**Work item:**
Using the data that follows, return exactly the lines from the one that contains "(\<i> * complex_of_real" through the one that contains "unfolding fourier_kernel_def by (simp add: exp_cnj)", ends included.

===== Exercise material =====

(* Let $N\ge1$ and, for $1\le m\le N$, let $a_m,b_m\in\mathbb{R}$ with $b_m\ne0$, and let $f_m:\mathbb{R}\to\mathbb{R}$ with $f_m\in L^2(\mathbb{R})$, where $f_m$ is not identically zero for some $1\le m\le N$. Then the system $$\Big[\frac12\ln\Big(-\frac{d^2}{dx^2}\Big)\Big]u_m-b_m\frac{du_m}{dx}-a_mu_m=f_m(x),\qquad x\in\mathbb{R},\ 1\le m\le N,$$ admits a unique solution $u_0=(u_{0,1},\dots,u_{0,N})^T\in L^2(\mathbb{R},\mathbb{R}^N)$.
   Context: Fourier transform: $\widehat{\phi}(p)=\frac{1}{\sqrt{2\pi}}\int_{\mathbb{R}}\phi(x)e^{-ipx}dx$. The logarithmic Laplacian $\ln(-\frac{d^2}{dx^2})$ is the operator with Fourier symbol $2\ln|p|$, so the operator on the left side of the $m$-th equation has Fourier symbol $\ln\big(\frac{|p|}{e^{a_m}}\big)-ib_mp$, and the $m$-th equation for $u_m\in L^2(\mathbb{R})$ means $\big(\ln\big(\frac{|p|}{e^{a_m}}\big)-ib_mp\big)\widehat{u_m}(p)=\widehat{f_m}(p)$ for a.e. $p\in\mathbb{R}$. $L^2(\mathbb{R},\mathbb{R}^N)$ carries the norm $\|u\|^2=\sum_{m=1}^N\|u_m\|_{L^2(\mathbb{R})}^2$. *)

theory Defs
  imports "HOL-Analysis.Analysis"
begin

definition L2_real :: "(real \<Rightarrow> real) \<Rightarrow> bool" where
  "L2_real g \<longleftrightarrow> g \<in> borel_measurable lborel \<and> integrable lborel (\<lambda>x. (g x)\<^sup>2)"

definition L2_complex :: "(real \<Rightarrow> complex) \<Rightarrow> bool" where
  "L2_complex g \<longleftrightarrow> g \<in> borel_measurable lborel \<and> integrable lborel (\<lambda>x. (cmod (g x))\<^sup>2)"

definition fourier_trunc :: "(real \<Rightarrow> real) \<Rightarrow> real \<Rightarrow> real \<Rightarrow> complex" where
  "fourier_trunc \<phi> R p =
     complex_of_real (1 / sqrt (2 * pi)) *
     (LINT x:{-R..R}|lborel. complex_of_real (\<phi> x) * exp (- \<i> * complex_of_real (p * x)))"

definition has_L2_fourier :: "(real \<Rightarrow> real) \<Rightarrow> (real \<Rightarrow> complex) \<Rightarrow> bool" where
  "has_L2_fourier \<phi> \<Phi> \<longleftrightarrow> L2_complex \<Phi> \<and>
     ((\<lambda>R. \<integral>\<^sup>+ p. ennreal ((cmod (\<Phi> p - fourier_trunc \<phi> R p))\<^sup>2) \<partial>lborel) \<longlongrightarrow> 0) at_top"

text \<open>Fourier symbol of (1/2) ln(-d^2/dx^2) - b d/dx - a.\<close>
definition symb :: "real \<Rightarrow> real \<Rightarrow> real \<Rightarrow> complex" where
  "symb a b p = complex_of_real (ln (\<bar>p\<bar> / exp a)) - \<i> * complex_of_real (b * p)"

definition solves_eq :: "real \<Rightarrow> real \<Rightarrow> (real \<Rightarrow> real) \<Rightarrow> (real \<Rightarrow> real) \<Rightarrow> bool" where
  "solves_eq a b f u \<longleftrightarrow> L2_real u \<and>
     (\<exists>U F. has_L2_fourier u U \<and> has_L2_fourier f F \<and>
        (AE p in lborel. symb a b p * U p = F p))"

end

theory Submission
  imports Defs "HOL-Probability.Probability"
begin

(* Each equation is solved on the Fourier side. Away from p = 0 the symbol
   ln (|p| / e^a) - i b p stays away from zero: its real part is small only for |p| near e^a,
   and there its imaginary part is at least |b| e^(a - 1). So U = F / symbol is square
   integrable, where F is the L2 Fourier transform of f, and U is Hermitian because f is real.

   Damping with the
   Gaussian weight gauss (sigma p) and letting sigma tend to 0 gives Plancherel's inequality for
   integrable functions, which makes the truncated transforms Cauchy in L2. Tested against
   Gaussians, whose transforms are again Gaussians, the limit satisfies a duality formula; with
   the uniqueness theorem for characteristic functions this makes the transform injective, and a
   Hermitian U turns out to be the transform of the real part of the transform of cnj U. *)

section \<open>The Fourier integral of integrable functions\<close>

lemma borel_measurable_cnj [measurable (raw)]:
  fixes f :: "'a \<Rightarrow> complex"
  assumes "f \<in> borel_measurable M"
  shows "(\<lambda>x. cnj (f x)) \<in> borel_measurable M"
proof -
  have "cnj \<in> borel_measurable borel"
    by (rule borel_measurable_continuous_onI) (intro continuous_intros)
  from measurable_compose[OF assms this] show ?thesis by (simp add: o_def)
qed

definition fourier_kernel :: "real \<Rightarrow> real \<Rightarrow> complex" where
  "fourier_kernel p x = exp (- \<i> * complex_of_real (p * x))"

lemma fourier_kernel_measurable [measurable (raw)]:
  "f \<in> borel_measurable M \<Longrightarrow> g \<in> borel_measurable M \<Longrightarrow> (\<lambda>x. fourier_kernel (f x) (g x)) \<in> borel_measurable M"
  unfolding fourier_kernel_def by measurable

lemma norm_fourier_kernel [simp]: "norm (fourier_kernel p x) = 1"
proof -
  have "fourier_kernel p x = exp (\<i> * complex_of_real (- (p * x)))"
    unfolding fourier_kernel_def by simp
  then show ?thesis by (simp only: norm_exp_i_times)
qed

lemma fourier_kernel_add_left: "fourier_kernel (p + q) x = fourier_kernel p x * fourier_kernel q x"
  unfolding fourier_kernel_def by (simp add: exp_add[symmetric] algebra_simps)

lemma fourier_kernel_add_right: "fourier_kernel p (x + y) = fourier_kernel p x * fourier_kernel p y"
  unfolding fourier_kernel_def by (simp add: exp_add[symmetric] algebra_simps)

lemma fourier_kernel_commute: "fourier_kernel p x = fourier_kernel x p"
  unfolding fourier_kernel_def by (simp add: mult.commute)

lemma cnj_fourier_kernel: "cnj (fourier_kernel p x) = fourier_kernel (- p) x"
  unfolding fourier_kernel_def by (simp add: exp_cnj)

lemma fourier_kernel_minus: "fourier_kernel (- p) (- x) = fourier_kernel p x"
  unfolding fourier_kernel_def by simp

lemma fourier_kernel_0 [simp]: "fourier_kernel 0 x = 1"
  unfolding fourier_kernel_def by simp

lemma integrable_mult_fourier_kernel:
  fixes g :: "real \<Rightarrow> complex"
  assumes "integrable lborel g"
  shows "integrable lborel (\<lambda>x. g x * fourier_kernel p x)"
    and "integrable lborel (\<lambda>x. g x * fourier_kernel x p)"
  using assms by (rule Bochner_Integration.integrable_bound; use assms in \<open>auto simp: norm_mult\<close>)+

lemma norm_integral_fourier_kernel_le:
  "norm (CLINT x|lborel. g x * fourier_kernel p x) \<le> (LINT x|lborel. norm (g x))"
  using integral_norm_bound[of lborel "\<lambda>x. g x * fourier_kernel p x"] by (simp add: norm_mult)

lemma integral_fourier_kernel_swap:
  fixes g h :: "real \<Rightarrow> complex"
  assumes gi: "integrable lborel g" and hi: "integrable lborel h"
  shows "(CLINT p|lborel. (CLINT x|lborel. g x * fourier_kernel p x) * h p)
       = (CLINT x|lborel. g x * (CLINT p|lborel. h p * fourier_kernel p x))"
proof -
  have [measurable]: "g \<in> borel_measurable borel" "h \<in> borel_measurable borel"
    using gi hi by auto
  have "integrable (lborel \<Otimes>\<^sub>M lborel) (\<lambda>(x, p). g x * h p * fourier_kernel p x)"
  proof (rule lborel_pair.Fubini_integrable)
    show "integrable lborel (\<lambda>x. LINT p|lborel. norm (case (x, p) of (x, p) \<Rightarrow> g x * h p * fourier_kernel p x))"
      using gi by (simp add: norm_mult)
    show "AE x in lborel. integrable lborel (\<lambda>p. case (x, p) of (x, p) \<Rightarrow> g x * h p * fourier_kernel p x)"
      using integrable_mult_fourier_kernel(2)[OF hi] by (simp add: mult.assoc)
  qed measurable
  from lborel_pair.Fubini_integral[OF this]
  have "(CLINT p|lborel. CLINT x|lborel. (g x * fourier_kernel p x) * h p)
      = (CLINT x|lborel. CLINT p|lborel. g x * (h p * fourier_kernel p x))"
    by (simp add: ac_simps)
  then show ?thesis
    by (simp only: integral_mult_left_zero integral_mult_right_zero)
qed

definition fourier_integral :: "(real \<Rightarrow> complex) \<Rightarrow> real \<Rightarrow> complex" where
  "fourier_integral g p =
     complex_of_real (1 / sqrt (2 * pi)) * (CLINT x|lborel. g x * fourier_kernel p x)"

=====

**Task solution:**
  have "fourier_kernel p x = exp (\<i> * complex_of_real (- (p * x)))"
    unfolding fourier_kernel_def by simp
  then show ?thesis by (simp only: norm_exp_i_times)
qed

lemma fourier_kernel_add_left: "fourier_kernel (p + q) x = fourier_kernel p x * fourier_kernel q x"
  unfolding fourier_kernel_def by (simp add: exp_add[symmetric] algebra_simps)

lemma fourier_kernel_add_right: "fourier_kernel p (x + y) = fourier_kernel p x * fourier_kernel p y"
  unfolding fourier_kernel_def by (simp add: exp_add[symmetric] algebra_simps)

lemma fourier_kernel_commute: "fourier_kernel p x = fourier_kernel x p"
  unfolding fourier_kernel_def by (simp add: mult.commute)

lemma cnj_fourier_kernel: "cnj (fourier_kernel p x) = fourier_kernel (- p) x"
  unfolding fourier_kernel_def by (simp add: exp_cnj)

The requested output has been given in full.